1. In the form of a religious exhortation written by a sixty-year old mother of thirteen with hepatitis c.
2. In the form of a brazen, raunchy essay, by a post-emancipated woman in her late thirties with red lipstick and an undetected Ureaplasma urealyticum infection.
3. In the form of an erotic poem by a fifty-year old pottery teacher who is sometimes troubled by genital warts.
4. In the form of diary entries by a forty-year old male gynaecologist who is travelling the world and studying traditional Chinese medicine. (The forty-year-old gynaecologist doesn’t have any sexually transmitted infections, as he is always careful to protect himself on his travels.
Any other way of writing about contraception is inappropriate.
2
Having unwanted children is bad news. I realised this when I was seven, watching TV with my grandparents.
The programme was for grown-ups. In the studio where it was filmed there was a blue partition behind which an adult – whose voice had been distorted – was talking about how his parents had fried him, in a frying pan, when he was a child.
When I asked my grandparents why this had happened, they just kept on looking at the TV screen and answered, in unison, ”Because he was an unwanted child.”
During puberty I learnt about the existence of my father’s two half-sisters and my mother’s half-brother.
I realised that I would never meet my grandparents on my father’s side because my dad was an unwanted child. His half-sisters were the wanted children. And I learned that I would never meet my mother’s half-brother because he too was an unwanted child.
Unwanted children are first pan-fried, then silenced and, subsequently, disowned.
As this is unpleasant for all involved it would be better if there were no unwanted children. “So that’s why it’s important that the man has a good job.” My grandparents told me this because I was a wanted child.

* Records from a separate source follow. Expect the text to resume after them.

section \<open>Convergence in probability and augmented \<open>\<sigma>\<close>-algebras\<close>

lemma AE_LIMSEQ_dominating_subseq:
  fixes X :: "nat \<Rightarrow> 'a \<Rightarrow> real" and Z :: "'a \<Rightarrow> real"
  assumes Q: "prob_space Q" and mX: "\<And>n. X n \<in> borel_measurable Q" and mZ: "Z \<in> borel_measurable Q"
    and lim: "\<And>\<epsilon>. \<epsilon> > 0 \<Longrightarrow> ((\<lambda>n. measure Q {\<omega>\<in>space Q. \<epsilon> < \<bar>X n \<omega> - Z \<omega>\<bar>}) \<longlongrightarrow> 0) sequentially"
  shows "\<exists>g. \<forall>h. (\<forall>j. g j \<le> h j) \<longrightarrow> (AE \<omega> in Q. (\<lambda>j. X (h j) \<omega>) \<longlonglongrightarrow> Z \<omega>)"
proof -
  interpret prob_space Q by (rule Q)
  have "\<exists>N. \<forall>n\<ge>N. measure Q {\<omega>\<in>space Q. (1/2)^k < \<bar>X n \<omega> - Z \<omega>\<bar>} < (1/2)^k" for k :: nat
  proof -
    have "((\<lambda>n. measure Q {\<omega>\<in>space Q. (1/2)^k < \<bar>X n \<omega> - Z \<omega>\<bar>}) \<longlongrightarrow> 0) sequentially"
      by (rule lim) simp
    then have "eventually (\<lambda>n. measure Q {\<omega>\<in>space Q. (1/2)^k < \<bar>X n \<omega> - Z \<omega>\<bar>} < (1/2)^k) sequentially"
      by (rule order_tendstoD(2)) simp
    then show ?thesis unfolding eventually_sequentially by blast
  qed
  then obtain g where g: "\<And>k n. g k \<le> n \<Longrightarrow> measure Q {\<omega>\<in>space Q. (1/2)^k < \<bar>X n \<omega> - Z \<omega>\<bar>} < (1/2)^k"
    by metis
  have "AE \<omega> in Q. (\<lambda>j. X (h j) \<omega>) \<longlonglongrightarrow> Z \<omega>" if hg: "\<forall>j. g j \<le> h j" for h
  proof -
    define A where "A j = {\<omega>\<in>space Q. (1/2)^j < \<bar>X (h j) \<omega> - Z \<omega>\<bar>}" for j
    have A_sets: "A j \<in> sets Q" for j unfolding A_def using mX mZ by measurable
    have A_le: "measure Q (A j) \<le> (1/2)^j" for j unfolding A_def using g hg by (simp add: less_imp_le)
    have "summable (\<lambda>j. measure Q (A j))"
      by (rule summable_comparison_test'[where g="\<lambda>j. (1/2::real)^j" and N=0]) (auto simp: A_le)
    then have "AE \<omega> in Q. eventually (\<lambda>j. \<omega> \<in> space Q - A j) sequentially"
      by (intro borel_cantelli_AE1 A_sets) (auto simp: emeasure_eq_measure)
    then show ?thesis
    proof (rule AE_mp, intro AE_I2 impI)
      fix \<omega> assume "eventually (\<lambda>j. \<omega> \<in> space Q - A j) sequentially"
      then have "eventually (\<lambda>j. norm (X (h j) \<omega> - Z \<omega>) \<le> (1/2)^j) sequentially"
        by eventually_elim (auto simp: A_def)
      moreover have "(\<lambda>j. (1/2::real)^j) \<longlonglongrightarrow> 0" by (rule LIMSEQ_realpow_zero) auto
      ultimately have "(\<lambda>j. X (h j) \<omega> - Z \<omega>) \<longlonglongrightarrow> 0" by (rule Lim_null_comparison)
      then show "(\<lambda>j. X (h j) \<omega>) \<longlonglongrightarrow> Z \<omega>" by (rule LIM_zero_cancel)
    qed
  qed
  then show ?thesis by blast
qed
lemma in_D_of_tree_decomposition:
  fixes g :: "'v \<Rightarrow> nat" and h :: "'t \<Rightarrow> nat" and B :: "'t \<Rightarrow> 'v set"
  assumes g: "inj g" and h: "inj h" and td: "tree_decomposition V E VT ET B"
    and torso: "\<And>x. x \<in> VT \<Longrightarrow> contains VU EU (B x) (torso_E E ET B x)"
  shows "in_D VU EU (g ` V) (map_edges g E)"
  unfolding in_D_def
proof (intro exI conjI ballI)
  let ?B = "\<lambda>t. g ` B (inv h t)"
  show "tree_decomposition (g ` V) (map_edges g E) (h ` VT) (map_edges h ET) ?B"
    by (rule tree_decomposition_map_edges[OF g h td])
  fix t assume "t \<in> h ` VT"
  then obtain x where x: "x \<in> VT" "t = h x" by blast
  obtain F where F: "inj_on F (B x)" "F ` B x \<subseteq> VU"
    "\<forall>a\<in>B x. \<forall>b\<in>B x. torso_E E ET B x a b \<longrightarrow> EU (F a) (F b)"
    using torso[OF x(1)] unfolding contains_def by blast
  have "inj_on (F \<circ> inv g) (g ` B x)" using F(1) g by (auto simp: inj_on_def)
  moreover have "(F \<circ> inv g) ` g ` B x \<subseteq> VU" using F(2) g by auto
  moreover have "EU ((F \<circ> inv g) a) ((F \<circ> inv g) b)"
    if "a \<in> g ` B x" "b \<in> g ` B x" "torso_E (map_edges g E) (map_edges h ET) ?B (h x) a b" for a b
    using that F(3) torso_E_map_edges[OF g h] g by auto
  ultimately show "contains VU EU (?B t) (torso_E (map_edges g E) (map_edges h ET) ?B t)"
    unfolding contains_def x(2) using h by (intro exI[of _ "F \<circ> inv g"]) auto
qed

section \<open>Rooted trees\<close>

locale rooted_tree =
  fixes VT :: "'t set" and ET :: "'t \<Rightarrow> 't \<Rightarrow> bool" and root :: 't
  assumes tree: "is_tree VT ET" and root_in: "root \<in> VT"
begin

abbreviation tree_step :: "'t \<Rightarrow> 't \<Rightarrow> bool" where
  "tree_step a b \<equiv> ET a b \<and> a \<in> VT \<and> b \<in> VT"

definition depth :: "'t \<Rightarrow> nat" where
  "depth x = (LEAST n. (tree_step ^^ n) root x)"

definition parent :: "'t \<Rightarrow> 't" where
  "parent x = (if x = root then root else SOME y. y \<in> VT \<and> ET y x \<and> Suc (depth y) = depth x)"

lemma simple_tree: "simple_graph VT ET"
  using tree unfolding is_tree_def by blast

lemma edge_sym: "ET a b \<Longrightarrow> ET b a"
  and edge_in_VT: "ET a b \<Longrightarrow> a \<in> VT \<and> b \<in> VT"
  and edge_neq: "ET a b \<Longrightarrow> a \<noteq> b"
  using simple_tree unfolding simple_graph_def by blast+

lemma relpowp_depth: "x \<in> VT \<Longrightarrow> (tree_step ^^ depth x) root x"
proof -
  assume "x \<in> VT"
  moreover have "connected_graph VT ET" using tree unfolding is_tree_def by blast
  ultimately have "tree_step\<^sup>*\<^sup>* root x"
    using root_in unfolding connected_graph_def by blast
  then obtain n where "(tree_step ^^ n) root x" by (blast dest: rtranclp_imp_relpowp)
  then show ?thesis unfolding depth_def by (rule LeastI)
qed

According to my grandparents, a child is wanted when the mother and father have been together in the same monogamous relationship for no less than a year; are, at the very least, engaged if not married; and share the same postal address.
When I was conceived my parents fulfilled these requirements. Except that, unfortunately, my father didn’t have a good job. In fact, he didn’t have a job at all. On top of that he smoked hash, typical behaviour for an unwanted child. My grandparents also explained that many unwanted children go on to take drugs and don’t have good jobs.
So I realised that I didn’t want to have an unwanted child. This means I’m very conscientious about contraception. One example of this is that I have never been pregnant. Unfortunately, though, I don’t have a good job and I occasionally smoke hash.
3
As I said, I’ve never been pregnant. For years, in critical situations, I’ve used a relatively new option for sexually-active women who don’t want to fry their children. The advantage of this is that you will almost certainly not get pregnant. The disadvantage is that you may have breakthrough bleeding and cramps which can last up to four days.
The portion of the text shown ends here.